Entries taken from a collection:
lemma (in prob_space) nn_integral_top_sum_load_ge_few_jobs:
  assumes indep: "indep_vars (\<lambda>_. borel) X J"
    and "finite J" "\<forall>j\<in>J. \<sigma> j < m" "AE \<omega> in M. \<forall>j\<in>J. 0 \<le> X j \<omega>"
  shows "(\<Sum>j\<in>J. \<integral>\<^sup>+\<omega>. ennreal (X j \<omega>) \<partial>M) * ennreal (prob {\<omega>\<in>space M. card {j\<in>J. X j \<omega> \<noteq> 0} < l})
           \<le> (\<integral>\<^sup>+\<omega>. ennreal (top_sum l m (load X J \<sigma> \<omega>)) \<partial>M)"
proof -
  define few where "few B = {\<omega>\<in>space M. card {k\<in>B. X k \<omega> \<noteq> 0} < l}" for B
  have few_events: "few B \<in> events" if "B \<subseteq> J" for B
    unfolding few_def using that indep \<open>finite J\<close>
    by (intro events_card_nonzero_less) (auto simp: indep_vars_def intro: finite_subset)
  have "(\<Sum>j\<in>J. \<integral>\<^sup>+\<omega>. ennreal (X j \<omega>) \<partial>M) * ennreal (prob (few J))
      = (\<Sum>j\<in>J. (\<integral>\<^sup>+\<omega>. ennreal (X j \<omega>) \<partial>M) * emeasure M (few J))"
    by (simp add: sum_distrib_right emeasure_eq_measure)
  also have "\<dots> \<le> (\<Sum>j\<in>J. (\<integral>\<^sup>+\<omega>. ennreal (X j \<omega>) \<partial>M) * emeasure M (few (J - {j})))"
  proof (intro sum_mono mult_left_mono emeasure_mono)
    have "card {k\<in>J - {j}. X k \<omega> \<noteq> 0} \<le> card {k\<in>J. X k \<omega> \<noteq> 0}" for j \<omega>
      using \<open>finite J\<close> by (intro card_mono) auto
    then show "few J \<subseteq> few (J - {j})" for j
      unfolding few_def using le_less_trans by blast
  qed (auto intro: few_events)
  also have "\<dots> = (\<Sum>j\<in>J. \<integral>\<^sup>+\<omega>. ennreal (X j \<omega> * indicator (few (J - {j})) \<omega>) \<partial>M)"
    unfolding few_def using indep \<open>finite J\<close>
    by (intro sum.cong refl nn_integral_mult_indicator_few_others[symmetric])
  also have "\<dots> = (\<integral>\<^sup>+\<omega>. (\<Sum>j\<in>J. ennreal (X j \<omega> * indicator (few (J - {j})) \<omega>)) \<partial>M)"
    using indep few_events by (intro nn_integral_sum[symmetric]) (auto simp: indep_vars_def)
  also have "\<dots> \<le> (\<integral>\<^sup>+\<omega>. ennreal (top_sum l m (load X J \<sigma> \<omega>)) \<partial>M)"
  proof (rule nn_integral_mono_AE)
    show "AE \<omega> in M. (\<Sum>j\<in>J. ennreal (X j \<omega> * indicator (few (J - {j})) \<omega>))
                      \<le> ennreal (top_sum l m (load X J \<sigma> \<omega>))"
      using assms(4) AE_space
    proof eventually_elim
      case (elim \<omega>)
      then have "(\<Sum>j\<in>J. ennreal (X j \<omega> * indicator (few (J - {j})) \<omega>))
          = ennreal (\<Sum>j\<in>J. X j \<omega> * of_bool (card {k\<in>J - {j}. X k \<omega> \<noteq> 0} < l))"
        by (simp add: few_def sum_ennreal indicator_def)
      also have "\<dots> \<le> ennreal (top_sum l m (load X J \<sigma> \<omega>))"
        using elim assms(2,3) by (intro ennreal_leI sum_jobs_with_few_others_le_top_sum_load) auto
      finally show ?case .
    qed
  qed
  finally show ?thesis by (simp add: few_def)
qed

==

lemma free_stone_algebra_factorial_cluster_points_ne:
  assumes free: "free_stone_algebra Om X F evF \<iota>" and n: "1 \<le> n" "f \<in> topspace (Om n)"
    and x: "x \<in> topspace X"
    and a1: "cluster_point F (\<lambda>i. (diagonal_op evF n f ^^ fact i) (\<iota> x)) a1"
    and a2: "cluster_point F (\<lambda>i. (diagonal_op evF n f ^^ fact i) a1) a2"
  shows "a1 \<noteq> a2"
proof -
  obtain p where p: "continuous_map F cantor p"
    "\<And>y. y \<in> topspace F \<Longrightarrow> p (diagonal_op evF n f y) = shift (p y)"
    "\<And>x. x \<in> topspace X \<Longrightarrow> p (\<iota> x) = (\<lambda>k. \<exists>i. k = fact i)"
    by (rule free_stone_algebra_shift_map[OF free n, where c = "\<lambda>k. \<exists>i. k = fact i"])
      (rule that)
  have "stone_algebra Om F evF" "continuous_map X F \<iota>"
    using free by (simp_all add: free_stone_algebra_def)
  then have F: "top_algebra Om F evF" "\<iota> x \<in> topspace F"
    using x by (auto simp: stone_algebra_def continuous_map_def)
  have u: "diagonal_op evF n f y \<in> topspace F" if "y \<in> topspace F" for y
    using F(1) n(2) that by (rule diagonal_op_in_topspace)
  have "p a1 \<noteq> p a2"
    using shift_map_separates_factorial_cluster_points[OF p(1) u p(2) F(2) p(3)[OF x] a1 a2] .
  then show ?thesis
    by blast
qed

* * *

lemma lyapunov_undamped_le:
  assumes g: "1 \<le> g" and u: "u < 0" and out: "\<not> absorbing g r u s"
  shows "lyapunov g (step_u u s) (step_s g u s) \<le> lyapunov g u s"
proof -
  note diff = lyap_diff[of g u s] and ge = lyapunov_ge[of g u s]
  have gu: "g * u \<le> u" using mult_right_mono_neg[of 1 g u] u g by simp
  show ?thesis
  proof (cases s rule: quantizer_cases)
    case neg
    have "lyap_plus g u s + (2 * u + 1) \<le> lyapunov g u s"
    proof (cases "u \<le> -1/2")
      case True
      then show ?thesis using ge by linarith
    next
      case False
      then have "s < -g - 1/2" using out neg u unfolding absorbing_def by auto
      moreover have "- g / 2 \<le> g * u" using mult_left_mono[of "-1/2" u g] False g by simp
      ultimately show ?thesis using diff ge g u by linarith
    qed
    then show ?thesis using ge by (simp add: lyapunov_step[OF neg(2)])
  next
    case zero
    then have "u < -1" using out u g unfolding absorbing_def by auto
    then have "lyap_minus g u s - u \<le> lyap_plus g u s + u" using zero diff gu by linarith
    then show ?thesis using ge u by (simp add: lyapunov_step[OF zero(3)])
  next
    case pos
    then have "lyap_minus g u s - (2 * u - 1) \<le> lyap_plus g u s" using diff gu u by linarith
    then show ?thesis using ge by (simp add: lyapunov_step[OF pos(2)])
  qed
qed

* [INSTRUCTIONS TO FOLLOW]:
From the records above, retype only the lines starting at the line that contains "for j \<omega>" and ending at the line that contains "by (intro sum.cong", both included.

* [SOLVED PROBLEM]:
    have "card {k\<in>J - {j}. X k \<omega> \<noteq> 0} \<le> card {k\<in>J. X k \<omega> \<noteq> 0}" for j \<omega>
      using \<open>finite J\<close> by (intro card_mono) auto
    then show "few J \<subseteq> few (J - {j})" for j
      unfolding few_def using le_less_trans by blast
  qed (auto intro: few_events)
  also have "\<dots> = (\<Sum>j\<in>J. \<integral>\<^sup>+\<omega>. ennreal (X j \<omega> * indicator (few (J - {j})) \<omega>) \<partial>M)"
    unfolding few_def using indep \<open>finite J\<close>
    by (intro sum.cong refl nn_integral_mult_indicator_few_others[symmetric])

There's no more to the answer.